Franny looked up at the ceiling, deep in thought.
“None!” Strudel blurted.
I think this is going to be easier for Strudel.
So, that’s happening.
Also, Franny is getting into her sneaky-stealy stage, which I hate. Yesterday she snuck into my room when she thought I was sleeping to take some chocolate off my dresser. I was actually half awake and told her so, and told her I heard the floor creaking and heard her crinkling the plastic bag they were contained in. She told me that she was coming in to see if I was awake to give me a hug.
I kind of blew it off at the time, though I was annoyed. I did not actually see the chocolate in her hand. If a child is going to lie to your face like that, yelling at them or punishing them isn’t really going to help. When I was her age, the most important thing was to never, EVER admit that I had done something, even when I was basically caught in the act. Why do children do these things and then lie desperately so as to appear innocent? They have no concept it makes things worse in the long run.
Earlier last summer we had a problem with candy and anything sweet going missing, after which I found an empty bag of chocolate chips in Franny’s bed, an empty wrapper that contained P.’s missing cookies and a few melted chocolate chips. I also found an empty tube of homeopathic medicine in her closet. She did not admit that she had taken the things even though I found them in her bed.
We had a talk about taking things that do not belong to you. We talked about trust and little things, like don’t eat sugar in your bed and expect your teeth to stay in your head. I reminded her she was welcome to take her own money and buy small treats at the store after dinner, and we often have dessert around.
Last summer she also nicked one of her stepmother’s empty cigarette boxes and brought it to my house, as proof that her stepmother was secretly smoking. Franny was going through a Nancy Drew/spying thing, and her stepmother got in the crossfire of that. So I knew she was taking things from there as well.

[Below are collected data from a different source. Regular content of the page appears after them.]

lemma (in ring) ring_opposite_ring: "ring (opposite_ring R)"
  by unfold_locales (auto simp: m_assoc l_distr r_distr a_ac Units_def intro: add.l_inv_ex)

lemma additive_subgroup_opposite_ring_iff:
  "additive_subgroup I (opposite_ring R) \<longleftrightarrow> additive_subgroup I R"
  by (simp add: additive_subgroup_def opposite_ring_def)

lemma left_ideal_iff_right_ideal_opposite:
  "left_ideal I R \<longleftrightarrow> right_ideal I (opposite_ring R)"
  by (simp add: left_ideal_def right_ideal_def additive_subgroup_opposite_ring_iff)

lemma maximal_left_ideal_iff_maximal_right_ideal_opposite:
  "maximal_left_ideal I R \<longleftrightarrow> maximal_right_ideal I (opposite_ring R)"
  by (simp add: maximal_left_ideal_def maximal_right_ideal_def left_ideal_iff_right_ideal_opposite)

section \<open>One-sided ideals\<close>

context ring
begin

lemma additive_subgroup_closedI:
  assumes "I \<subseteq> carrier R" "\<zero> \<in> I" "\<And>a b. a \<in> I \<Longrightarrow> b \<in> I \<Longrightarrow> a \<oplus> b \<in> I"
    and "\<And>a. a \<in> I \<Longrightarrow> \<ominus> a \<in> I"
  shows "additive_subgroup I R"
  by (intro additive_subgroupI add.subgroupI) (use assms in \<open>auto simp: a_inv_def[symmetric]\<close>)

lemma right_ideal_additive_subgroup: "right_ideal I R \<Longrightarrow> additive_subgroup I R"
  by (simp add: right_ideal_def)

lemma right_ideal_subset: "right_ideal I R \<Longrightarrow> I \<subseteq> carrier R"
  by (simp add: right_ideal_def additive_subgroup.a_subset)

lemma right_ideal_mult_closed: "right_ideal I R \<Longrightarrow> a \<in> I \<Longrightarrow> x \<in> carrier R \<Longrightarrow> a \<otimes> x \<in> I"
  by (simp add: right_ideal_def)

lemma right_ideal_minus_closed: "right_ideal I R \<Longrightarrow> a \<in> I \<Longrightarrow> b \<in> I \<Longrightarrow> a \<ominus> b \<in> I"
  by (simp add: right_ideal_def minus_eq additive_subgroup.a_closed additive_subgroup.a_inv_closed)

lemma right_ideal_one_imp_carrier: "right_ideal I R \<Longrightarrow> \<one> \<in> I \<Longrightarrow> I = carrier R"
  using right_ideal_subset[of I] right_ideal_mult_closed[of I \<one>] by (auto simp: subset_iff)

lemma maximal_right_ideal_one_notin: "maximal_right_ideal M R \<Longrightarrow> \<one> \<notin> M"
  using right_ideal_one_imp_carrier by (auto simp: maximal_right_ideal_def)

lemma ideal_imp_right_ideal: "ideal I R \<Longrightarrow> right_ideal I R"
  by (simp add: right_ideal_def ideal.axioms(1) ideal.I_r_closed)

lemma right_ideal_Inter:
  assumes "S \<noteq> {}" and S: "\<And>I. I \<in> S \<Longrightarrow> right_ideal I R"
  shows "right_ideal (\<Inter>S) R"
proof -
  have sg: "additive_subgroup I R" if "I \<in> S" for I
    using S[OF that] by (rule right_ideal_additive_subgroup)
  have "additive_subgroup (\<Inter>S) R"
  proof (rule additive_subgroup_closedI)
    obtain I where I: "I \<in> S" using \<open>S \<noteq> {}\<close> by blast
    then have "\<Inter>S \<subseteq> I" by (rule Inter_lower)
    then show "\<Inter>S \<subseteq> carrier R" using right_ideal_subset[OF S[OF I]] by (rule order_trans)
    show "\<zero> \<in> \<Inter>S" by (intro InterI additive_subgroup.zero_closed sg)
    show "a \<oplus> b \<in> \<Inter>S" if "a \<in> \<Inter>S" "b \<in> \<Inter>S" for a b
      using that by (intro InterI additive_subgroup.a_closed sg) (simp_all add: Inter_iff)
    show "\<ominus> a \<in> \<Inter>S" if "a \<in> \<Inter>S" for a
      using that by (intro InterI additive_subgroup.a_inv_closed sg) (simp_all add: Inter_iff)
  qed
  then show ?thesis
    unfolding right_ideal_def by (auto intro: right_ideal_mult_closed S)
qed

So jumping back to later that day of the chocolate incident, after school, Franny was struggling with her math and Strudel cracked her head on the table pretty hard.
Strudel is going through that somewhat hilario four-and-a-half thing where this explosion will hit and she will rocket out of her chair ass over teakettle and hurt herself. It can happen right in front of me and I will be left going “WTF just happened here?” Of course, it is not funny that she gets hurt, but it looks like she gets struck by a bolt of invisible magical lightning. This happens to other fours as well, I know.
So I held Strudel and popped her on the counter and went to fetch the homeopathic arnica pellets out of the cabinet where the vitamins are. Say what you will about homeopathy, but I learned from a friend a long time ago that if you give children the magical arnica pellets and some hugs they will not cry for ten minutes. Alright!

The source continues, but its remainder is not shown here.